Papa Sangre was commissioned by 4IP as a game that could be played by the visually-impaired as well as the sighted. Constraint being the mother of invention. Or in this case, the mother of incorporation.

The seed for Papa Sangre is a live game called Sangre y Patatas based itself on Blood and Potatoes, a game I'd run in theatre rooms for years. It's a game of stealth and cunning to avoid a bloody loud death, played with eyes closed. And I ran it for the usual reasons, general warm-up of brains and bodies, punctuate work with a shot of fun, etc. But also occasionally adapting it rapidly and iteratively to more interesting purpose, the game becoming an engine of exploration.

Here's another digression as an example of how.
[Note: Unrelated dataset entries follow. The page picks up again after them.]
lemma isotropic_long_sum_roots:
  assumes mu: "mu = alpha i"
  shows "isotropic_weights mu (neg_root_weight ` long_sum_roots i)"
  unfolding isotropic_neg_root_weights_iff
proof (intro ballI)
  fix b b' assume b: "b \<in> long_sum_roots i" "b' \<in> long_sum_roots i"
  show "\<exists>m. neg_root_weight b m + neg_root_weight b' m \<noteq> - 2 * mu m"
  proof (rule ccontr)
    assume "\<not> ?thesis"
    then have e: "neg_root_weight b m + neg_root_weight b' m = - 2 * mu m" for m
      by blast
    have mu_i: "mu i = 1" and mu_other: "\<And>k. k \<noteq> i \<Longrightarrow> mu k = 0"
      by (simp_all add: mu alpha_def)
    \<comment> \<open>the \<open>\<alpha>\<^sub>i\<close>-coordinate forces \<open>b = -\<alpha>\<^sub>i-\<alpha>\<^sub>k\<close>, whose \<open>\<alpha>\<^sub>k\<close>-coordinate cannot be cancelled\<close>
    have "neg_root_weight b i = -1"
      using b e[of i] mu_i by (auto simp: long_sum_roots_def neg_root_weight_apply split: if_splits)
    then obtain k where k: "k \<noteq> i" "b = NegSum i k"
      using b(1) by (auto simp: long_sum_roots_def neg_root_weight_apply)
    have "neg_root_weight b' k \<le> 0"
      using b(2) by (auto simp: long_sum_roots_def neg_root_weight_apply split: if_splits)
    moreover have "neg_root_weight b k = -1"
      using k by (simp add: alpha_def)
    ultimately show False
      using e[of k] mu_other[OF k(1)] by linarith
  qed
qed

lemma isotropic_two_short_roots:
  assumes ij: "i \<noteq> j" and mu: "mu = (\<lambda>m. alpha i m + alpha j m)"
  shows "isotropic_weights mu (neg_root_weight ` two_short_roots i j)"
  unfolding isotropic_neg_root_weights_iff
proof (intro ballI)
  fix b b' assume b: "b \<in> two_short_roots i j" "b' \<in> two_short_roots i j"
  show "\<exists>m. neg_root_weight b m + neg_root_weight b' m \<noteq> - 2 * mu m"
  proof (rule ccontr)
    assume "\<not> ?thesis"
    then have e: "neg_root_weight b m + neg_root_weight b' m = - 2 * mu m" for m
      by blast
    have at_j: "-1 \<le> neg_root_weight c j \<and> (neg_root_weight c j = -1 \<longrightarrow> neg_root_weight c i = 0)"
      if "c \<in> two_short_roots i j" for c
      using that ij by (auto simp: two_short_roots_def neg_root_weight_apply split: if_splits)
    have "mu i = 1" "mu j = 1"
      using ij by (simp_all add: mu alpha_def)
    \<comment> \<open>the \<open>\<alpha>\<^sub>j\<close>-coordinates force both \<open>\<alpha>\<^sub>i\<close>-coordinates to vanish\<close>
    then show False
      using at_j[OF b(1)] at_j[OF b(2)] e[of i] e[of j] by linarith
  qed
qed

lemma sum_neg_root_dim_NegSum: "(\<Sum>b\<in>NegSum i ` S. neg_root_dim b) = 2 * card S"
  by (simp add: sum.reindex inj_on_def)

lemma sum_neg_root_dim_NegDiff: "(\<Sum>b\<in>NegDiff i ` S. neg_root_dim b) = 2 * card S"
  by (simp add: sum.reindex inj_on_def)

lemma card_Compl_singleton: "card (- {i :: 'a :: finite}) = CARD('a) - 1"
  by (simp add: Compl_eq_Diff_UNIV card_Diff_singleton)

lemma card_Compl_doubleton: "i \<noteq> j \<Longrightarrow> card (- {i, j :: 'a :: finite}) = CARD('a) - 2"
  by (simp add: Compl_eq_Diff_UNIV card_Diff_subset)

lemma card_ge_1: "1 \<le> CARD('a::finite)"
  by (simp add: Suc_le_eq)

lemma has_iso_dim_short_long_sum_roots:
  fixes h0 :: "('p::{finite,linorder}, 'r::finite) mat set"
  assumes "is_subalg h0" "bH_invariant h0" "weighted_quot_form h0 s mu"
    and nz: "\<not> rootspace (\<lambda>m. - alpha i m) \<subseteq> h0"
    and iso: "isotropic_weights mu (neg_root_weight ` short_long_sum_roots i)"
  shows "has_iso_dim h0 s (2 * CARD('p))"
proof -
  have "has_iso_dim h0 s (\<Sum>b\<in>short_long_sum_roots i. neg_root_dim b)"
    using nz by (intro has_iso_dim_neg_roots[OF assms(1-3) _ _ _ iso]) (auto simp: short_long_sum_roots_def)
  moreover have "(\<Sum>b\<in>short_long_sum_roots i. neg_root_dim b) = 2 + 2 * (CARD('p) - 1)"
    by (simp add: short_long_sum_roots_def image_iff sum_neg_root_dim_NegSum card_Compl_singleton)
  moreover have "2 + 2 * (CARD('p) - 1) = 2 * CARD('p)"
    using card_ge_1[where 'a='p] by arith
  ultimately show ?thesis
    by simp
qed

lemma has_iso_dim_short_long_diff_roots:
  fixes h0 :: "('p::{finite,linorder}, 'r::finite) mat set"
  assumes "is_subalg h0" "bH_invariant h0" "weighted_quot_form h0 s mu"
    and nz: "\<not> rootspace (\<lambda>m. - alpha i m) \<subseteq> h0"
    and others: "\<forall>j. j \<noteq> i \<longrightarrow> rootspace (\<lambda>m. - alpha j m) \<subseteq> h0"
    and iso: "isotropic_weights mu (neg_root_weight ` short_long_diff_roots i)"
  shows "has_iso_dim h0 s (2 * CARD('p))"
proof -
  have "has_iso_dim h0 s (\<Sum>b\<in>short_long_diff_roots i. neg_root_dim b)"
    using nz others
    by (intro has_iso_dim_neg_roots[OF assms(1-3) _ _ _ iso]) (auto simp: short_long_diff_roots_def)
  moreover have "(\<Sum>b\<in>short_long_diff_roots i. neg_root_dim b) = 2 + 2 * (CARD('p) - 1)"
    by (simp add: short_long_diff_roots_def image_iff sum_neg_root_dim_NegDiff card_Compl_singleton)
  moreover have "2 + 2 * (CARD('p) - 1) = 2 * CARD('p)"
    using card_ge_1[where 'a='p] by arith
  ultimately show ?thesis
    by simp
qed

lemma has_iso_dim_short_sum_diff_roots:
  fixes h0 :: "('p::{finite,linorder}, 'r::finite) mat set"
  assumes "is_subalg h0" "bH_invariant h0" "weighted_quot_form h0 s mu"
    and nz: "\<not> rootspace (\<lambda>m. - alpha i m) \<subseteq> h0"
    and others: "\<forall>j. j \<noteq> i \<longrightarrow> rootspace (\<lambda>m. - alpha j m) \<subseteq> h0"
    and iso: "isotropic_weights mu (neg_root_weight ` short_sum_diff_roots i)"
  shows "has_iso_dim h0 s (4 * CARD('p) - 3)"
proof -
  have "has_iso_dim h0 s (\<Sum>b\<in>short_sum_diff_roots i. neg_root_dim b)"
    using nz others
    by (intro has_iso_dim_neg_roots[OF assms(1-3) _ _ _ iso]) (auto simp: short_sum_diff_roots_def)
  moreover have "NegSum i ` (- {i}) \<inter> NegDiff i ` (- {i}) = {}"
    by auto
  then have "(\<Sum>b\<in>short_sum_diff_roots i. neg_root_dim b) = 1 + 2 * (CARD('p) - 1) + 2 * (CARD('p) - 1)"
    by (simp add: short_sum_diff_roots_def image_iff sum.union_disjoint sum_neg_root_dim_NegSum
        sum_neg_root_dim_NegDiff card_Compl_singleton)
  moreover have "1 + 2 * (CARD('p) - 1) + 2 * (CARD('p) - 1) = 4 * CARD('p) - 3"
    using card_ge_1[where 'a='p] by arith
  ultimately show ?thesis
    by simp
qed

lemma has_iso_dim_long_sum_roots:
  fixes h0 :: "('p::{finite,linorder}, 'r::finite) mat set"
  assumes "is_subalg h0" "bH_invariant h0" "weighted_quot_form h0 s mu"
    and nz: "\<not> rootspace (\<lambda>m. - alpha i m) \<subseteq> h0"
    and iso: "isotropic_weights mu (neg_root_weight ` long_sum_roots i)"
  shows "has_iso_dim h0 s (2 * CARD('p) - 1)"
proof -
  have "has_iso_dim h0 s (\<Sum>b\<in>long_sum_roots i. neg_root_dim b)"
    using nz by (intro has_iso_dim_neg_roots[OF assms(1-3) _ _ _ iso]) (auto simp: long_sum_roots_def)
  moreover have "(\<Sum>b\<in>long_sum_roots i. neg_root_dim b) = 1 + 2 * (CARD('p) - 1)"
    by (simp add: long_sum_roots_def image_iff sum_neg_root_dim_NegSum card_Compl_singleton)
  moreover have "1 + 2 * (CARD('p) - 1) = 2 * CARD('p) - 1"
    using card_ge_1[where 'a='p] by arith
  ultimately show ?thesis
    by simp
qed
The very first show I directed professionally was The Bound Man at BAC in 1998, although it had started as a student production. To give due credit, it was a dark fairy-tale adapted previously into a performance text by Andrew Prichard from a short story by Ilse Aichinger; we'd then devised from that text. The text was itself a story conjured and told by two severed heads. A man wakes up in a forest to find himself bound head to toe in rope and before he can escape, is taken into a circus where he becomes the star act. The circus becomes jealous and the bound man is forced to face a wolf, and it ends - well, it just ends back with the severed heads frustrated in the darkness.
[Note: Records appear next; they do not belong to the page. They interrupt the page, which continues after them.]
lemma chi_eq_top_if_Tpos_pow_one_bounded_below:
  assumes low: "\<And>n. c \<le> ennreal K * (\<integral>\<^sup>+x. ((Tpos ^^ n) (\<lambda>_. 1) x)\<^sup>2 \<partial>M)" and "c \<noteq> 0"
  shows "chi M k = \<infinity>"
proof -
  define a where "a m = (\<integral>\<^sup>+x. (Tpos ^^ m) (\<lambda>_. 1) x \<partial>M)" for m
  have "of_nat N * c \<le> ennreal K * (\<Sum>m. a m)" for N
  proof -
    have "of_nat N * c = (\<Sum>j<N. c)" by simp
    also have "\<dots> \<le> (\<Sum>j<N. ennreal K * a (2 * j))"
      using low nn_integral_Tpos_pow_one_square by (intro sum_mono) (simp add: a_def mult_2)
    also have "\<dots> = ennreal K * sum a ((\<lambda>j. 2 * j) ` {..<N})"
      by (subst sum.reindex) (auto simp: inj_on_def sum_distrib_left)
    also have "\<dots> \<le> ennreal K * sum a {..<2 * N}"
      by (intro mult_left_mono sum_mono2) auto
    also have "\<dots> \<le> ennreal K * (\<Sum>m. a m)"
      by (intro mult_left_mono sum_le_suminf) auto
    finally show ?thesis .
  qed
  then have "ennreal K * (\<Sum>m. a m) = \<infinity>"
    using \<open>c \<noteq> 0\<close> by (rule ennreal_eq_top_if_multiples_le)
  then show ?thesis
    unfolding chi_eq_top_iff nn_integral_expected_size a_def by (simp add: ennreal_mult_eq_top_iff)
qed

section \<open>The supercritical case\<close>

lemma Tpos_truncation_approx:
  assumes [measurable]: "f \<in> borel_measurable M"
    and gt: "c < (\<integral>\<^sup>+x. (Tpos (\<lambda>y. ennreal (f y)) x)\<^sup>2 \<partial>M)"
  shows "\<exists>L::nat. c < (\<integral>\<^sup>+x. (Tpos (\<lambda>y. ennreal (min (f y) (real L))) x)\<^sup>2 \<partial>M)"
proof -
  define h where "h L y = ennreal (min (f y) (real L))" for L :: nat and y
  have [measurable]: "h L \<in> borel_measurable M" for L unfolding h_def by measurable
  have h_mono: "h L y \<le> h L' y" if "L \<le> L'" for L L' y
    using that unfolding h_def by (intro ennreal_leI) auto
  have Tpos_SUP: "Tpos (\<lambda>y. ennreal (f y)) x = (SUP L. Tpos (h L) x)" if "x \<in> space M" for x
  proof -
    have "Tpos (\<lambda>y. ennreal (f y)) x = (\<integral>\<^sup>+ y. (SUP L. ennreal (k x y) * h L y) \<partial>M)"
      unfolding Tpos_def h_def by (simp add: SUP_ennreal_min_of_nat SUP_mult_left_ennreal[symmetric])
    also have "\<dots> = (SUP L. \<integral>\<^sup>+ y. ennreal (k x y) * h L y \<partial>M)"
      using that by (intro nn_integral_monotone_convergence_SUP)
        (auto simp: incseq_def le_fun_def h_mono intro!: mult_left_mono)
    finally show ?thesis unfolding Tpos_def .
  qed
  have "(\<integral>\<^sup>+x. (Tpos (\<lambda>y. ennreal (f y)) x)\<^sup>2 \<partial>M) = (\<integral>\<^sup>+x. (SUP L. (Tpos (h L) x)\<^sup>2) \<partial>M)"
  proof (intro nn_integral_cong)
    fix x assume "x \<in> space M"
    then show "(Tpos (\<lambda>y. ennreal (f y)) x)\<^sup>2 = (SUP L. (Tpos (h L) x)\<^sup>2)"
      unfolding Tpos_SUP[OF \<open>x \<in> space M\<close>]
      by (intro SUP_power2_incseq_ennreal) (auto simp: incseq_def h_mono intro!: Tpos_mono)
  qed
  also have "\<dots> = (SUP L. \<integral>\<^sup>+x. (Tpos (h L) x)\<^sup>2 \<partial>M)"
    by (intro nn_integral_monotone_convergence_SUP)
      (auto simp: incseq_def le_fun_def h_mono intro!: power_mono Tpos_mono)
  finally show ?thesis using gt unfolding h_def by (simp add: less_SUP_iff)
qed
So there's a wolf. Played by a person, not (necessarily) on all fours, not in a furry costume, but just a person... who is transformed through a system of sense-movement adaptation to play like a wolf. This system had been devised by choreographer Alex New but it was not choreography to block a sequence of actions, rather a process to transform the weighting of your senses in play so you can't help but act as wolf. You don't even have to be a dancer. Alex was frighteningly and ineffably so, but an injury he'd picked up meant I had to take over for the first performances in college, and anyone who knows me knows how I dance... and even I could get by. It's incredible to play, without thinking you are acting like an animal. If you want to know any more, you'll have to find me and buy me a drink.
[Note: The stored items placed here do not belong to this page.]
lemma sum_indices_prod_chunk:
  "(\<Sum>xs\<in>indices n (c * l). \<Prod>j<c. g j (chunk l xs j))
     = (\<Prod>j<c. \<Sum>zs\<in>indices n l. (g j zs :: 'a :: comm_semiring_1))"
proof (induction c arbitrary: g)
  case 0
  then show ?case by simp
next
  case (Suc c)
  let ?I = "indices n l \<times> indices n (c * l)"
  have "(\<Sum>xs\<in>indices n (Suc c * l). \<Prod>j<Suc c. g j (chunk l xs j))
      = (\<Sum>(ys, zs)\<in>?I. \<Prod>j<Suc c. g j (chunk l (ys @ zs) j))"
    unfolding mult_Suc indices_add
    by (subst sum.reindex[OF inj_on_append_indices]) (simp add: case_prod_unfold)
  also have "\<dots> = (\<Sum>(ys, zs)\<in>?I. g 0 ys * (\<Prod>j<c. g (Suc j) (chunk l zs j)))"
    by (intro sum.cong refl)
      (auto simp del: prod.lessThan_Suc simp: prod.lessThan_Suc_shift chunk_append_0 chunk_append_Suc indices_def)
  also have "\<dots> = (\<Sum>ys\<in>indices n l. g 0 ys) * (\<Sum>zs\<in>indices n (c * l). \<Prod>j<c. g (Suc j) (chunk l zs j))"
    by (simp add: sum_product sum.cartesian_product)
  also have "\<dots> = (\<Prod>j<Suc c. \<Sum>zs\<in>indices n l. g j zs)"
    by (simp del: prod.lessThan_Suc add: Suc.IH[of "\<lambda>j. g (Suc j)"] prod.lessThan_Suc_shift)
  finally show ?case .
qed

lemma prod_nth_indices_le:
  fixes x :: "nat \<Rightarrow> real"
  assumes "is \<in> indices n d" "\<And>k. k < n \<Longrightarrow> 0 \<le> x k \<and> x k \<le> b"
  shows "(\<Prod>j<d. x (is ! j)) \<le> b ^ d"
  using prod_mono[of "{..<d}" "\<lambda>j. x (is ! j)" "\<lambda>_. b"] assms nth_indices_less by simp

lemma prod_nth_indices_ge:
  fixes x :: "nat \<Rightarrow> real"
  assumes "is \<in> indices n d" "\<And>k. k < n \<Longrightarrow> a \<le> x k" "0 \<le> a"
  shows "a ^ d \<le> (\<Prod>j<d. x (is ! j))"
  using prod_mono[of "{..<d}" "\<lambda>_. a" "\<lambda>j. x (is ! j)"] assms nth_indices_less by simp

section \<open>Row sums\<close>

lemma nonneg_tensorD:
  "nonneg_tensor p n T \<Longrightarrow> 1 \<le> p \<Longrightarrow> i < n \<Longrightarrow> is \<in> indices n (p - 1) \<Longrightarrow> 0 \<le> T (i # is)"
  unfolding nonneg_tensor_def using Cons_in_indices_iff[of i "is" n "p - 1"] by simp

lemma row_sum_nonneg_tensor:
  "nonneg_tensor p n T \<Longrightarrow> 1 \<le> p \<Longrightarrow> i < n
    \<Longrightarrow> row_sum p n T i = (\<Sum>is\<in>indices n (p - 1). T (i # is))"
  unfolding row_sum_def by (auto intro!: sum.cong dest: nonneg_tensorD)

lemma row_sum_nonneg: "0 \<le> row_sum p n T i"
  unfolding row_sum_def by (intro sum_nonneg) auto

lemma min_row_sum_le: "i < n \<Longrightarrow> min_row_sum p n T \<le> row_sum p n T i"
  unfolding min_row_sum_def by (intro Min_le) auto

lemma max_row_sum_ge: "i < n \<Longrightarrow> row_sum p n T i \<le> max_row_sum p n T"
  unfolding max_row_sum_def by (intro Max_ge) auto

lemma min_row_sum_nonneg: "0 < n \<Longrightarrow> 0 \<le> min_row_sum p n T"
  unfolding min_row_sum_def using row_sum_nonneg by (subst Min_ge_iff) auto

lemma min_row_sum_ge_iff: "0 < n \<Longrightarrow> c \<le> min_row_sum p n T \<longleftrightarrow> (\<forall>i<n. c \<le> row_sum p n T i)"
  unfolding min_row_sum_def by (subst Min_ge_iff) auto

lemma max_row_sum_le_iff: "0 < n \<Longrightarrow> max_row_sum p n T \<le> c \<longleftrightarrow> (\<forall>i<n. row_sum p n T i \<le> c)"
  unfolding max_row_sum_def by (subst Max_le_iff) auto

lemma gen_prod_Cons:
  "gen_prod m k n A B (i # xs)
     = (\<Sum>is\<in>indices n (m - 1). A (i # is) * (\<Prod>j<m - 1. B (is ! j # chunk (k - 1) xs j)))"
  by (simp add: gen_prod_def)

lemma nonneg_tensor_gen_prod:
  assumes "1 \<le> m" "1 \<le> k" "nonneg_tensor m n A" "nonneg_tensor k n B"
  shows "nonneg_tensor ((m - 1) * (k - 1) + 1) n (gen_prod m k n A B)"
  unfolding nonneg_tensor_def
proof
  fix ys assume "ys \<in> indices n ((m - 1) * (k - 1) + 1)"
  then obtain i xs where ys: "ys = i # xs" and i: "i < n" and xs: "xs \<in> indices n ((m - 1) * (k - 1))"
    by (cases ys) (auto simp: indices_def)
  show "0 \<le> gen_prod m k n A B ys"
    unfolding ys gen_prod_Cons
    using assms i chunk_in_indices[OF xs] nth_indices_less
    by (intro sum_nonneg mult_nonneg_nonneg prod_nonneg) (auto intro: nonneg_tensorD)
qed

lemma row_sum_gen_prod:
  assumes "1 \<le> m" "1 \<le> k" "nonneg_tensor m n A" "nonneg_tensor k n B" "i < n"
  shows "row_sum ((m - 1) * (k - 1) + 1) n (gen_prod m k n A B) i
           = (\<Sum>is\<in>indices n (m - 1). A (i # is) * (\<Prod>j<m - 1. row_sum k n B (is ! j)))"
proof -
  have "row_sum ((m - 1) * (k - 1) + 1) n (gen_prod m k n A B) i
      = (\<Sum>xs\<in>indices n ((m - 1) * (k - 1)). gen_prod m k n A B (i # xs))"
    using row_sum_nonneg_tensor[OF nonneg_tensor_gen_prod[OF assms(1-4)]] assms(5) by simp
  also have "\<dots> = (\<Sum>is\<in>indices n (m - 1). A (i # is)
      * (\<Sum>xs\<in>indices n ((m - 1) * (k - 1)). \<Prod>j<m - 1. B (is ! j # chunk (k - 1) xs j)))"
    unfolding gen_prod_Cons by (subst sum.swap) (simp add: sum_distrib_left)
  also have "\<dots> = (\<Sum>is\<in>indices n (m - 1). A (i # is) * (\<Prod>j<m - 1. row_sum k n B (is ! j)))"
  proof (intro sum.cong refl arg_cong2[where f = "(*)"])
    fix "is" assume "is" : "is \<in> indices n (m - 1)"
    have "(\<Sum>xs\<in>indices n ((m - 1) * (k - 1)). \<Prod>j<m - 1. B (is ! j # chunk (k - 1) xs j))
        = (\<Prod>j<m - 1. \<Sum>zs\<in>indices n (k - 1). B (is ! j # zs))"
      by (rule sum_indices_prod_chunk)
    also have "\<dots> = (\<Prod>j<m - 1. row_sum k n B (is ! j))"
      using assms(2,4) nth_indices_less[OF "is"] by (intro prod.cong) (auto simp: row_sum_nonneg_tensor)
    finally show "(\<Sum>xs\<in>indices n ((m - 1) * (k - 1)). \<Prod>j<m - 1. B (is ! j # chunk (k - 1) xs j))
        = (\<Prod>j<m - 1. row_sum k n B (is ! j))" .
  qed
  finally show ?thesis .
qed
when it came to BAC, we cast the fittingly-named Dan Synge (say it aloud) as wolf, and he, Alex, myself and others from the company spent long sessions in a basement playing Blood and Potatoes, and rapidly evolving the game and plugging into it what we knew of playing wolf, to help discover more. One session ended up in pitch darkness, piles of chairs around the room to become a landscape of noisy hazard and refuge, one of us as wolf pursuing the others relentlessly. And then discovering that if counter-intuitively we added a tiny amount of light - one bar of an electric fire to be precise - then the glow it cast became a dangerous corridor we'd literally scamper across to avoid being caught. Dan's learning as wolf was shaped by the properties and constraints at play (and it was the most brilliant fun).

It's interesting watching people playtest Papa Sangre because even though movement in this case means walking with your thumbs, step by step, the immersion of the binaural sound all around you means that you feel like you're in that world, and your body starts to respond, scrunching in fear when you 'step' on something crunchy like bones exactly like real people playing Sangre y Patatas and stepping into a pile of tortilla chips. The experience is intensely present-tense, not least because you can't as easily conjure a map of a pitch-dark space to remember where you are.

This post is fast becoming a series of tangential digressions.

A lot of play is best kept plastic in form as it develops, until you find the shape, constraints, conventions of play that fit precisely what you need. Experimental isn't a euphemism for non-conventional, or even indulgent or weird, but a reflection of this process of iterative innovation. Conventional similarly doesn't mean boring or stuffy, but literally using conventions that are already generally understood by audiences which are sometimes therefore the most fit for purpose.

Nor is there only one set of conventions that are conventional. For instance - and this is not a dig at them - Punchdrunk are forever called experimental in mainstream press, but more often they use conventions established for what could be called their own conventional work; experimental here really just means a different set of conventions.

Back to the panel. Clare had asked us to ask a question directly for the audience and I ended up with a (relatively tame) provocation based on all the above: there is no inherent superiority in medium, genre or convention.

The challenge is to resist a properly conservative attitude which can become dangerously habitual for the risk-averse, that only the kind of work that you already know how to make is any good. The danger in these conservative times, with an uncertain funding landscape, is the temptation to play safe without an edge of experimentation. You'll end up stiff. Looking at you, broadcasters, in every medium.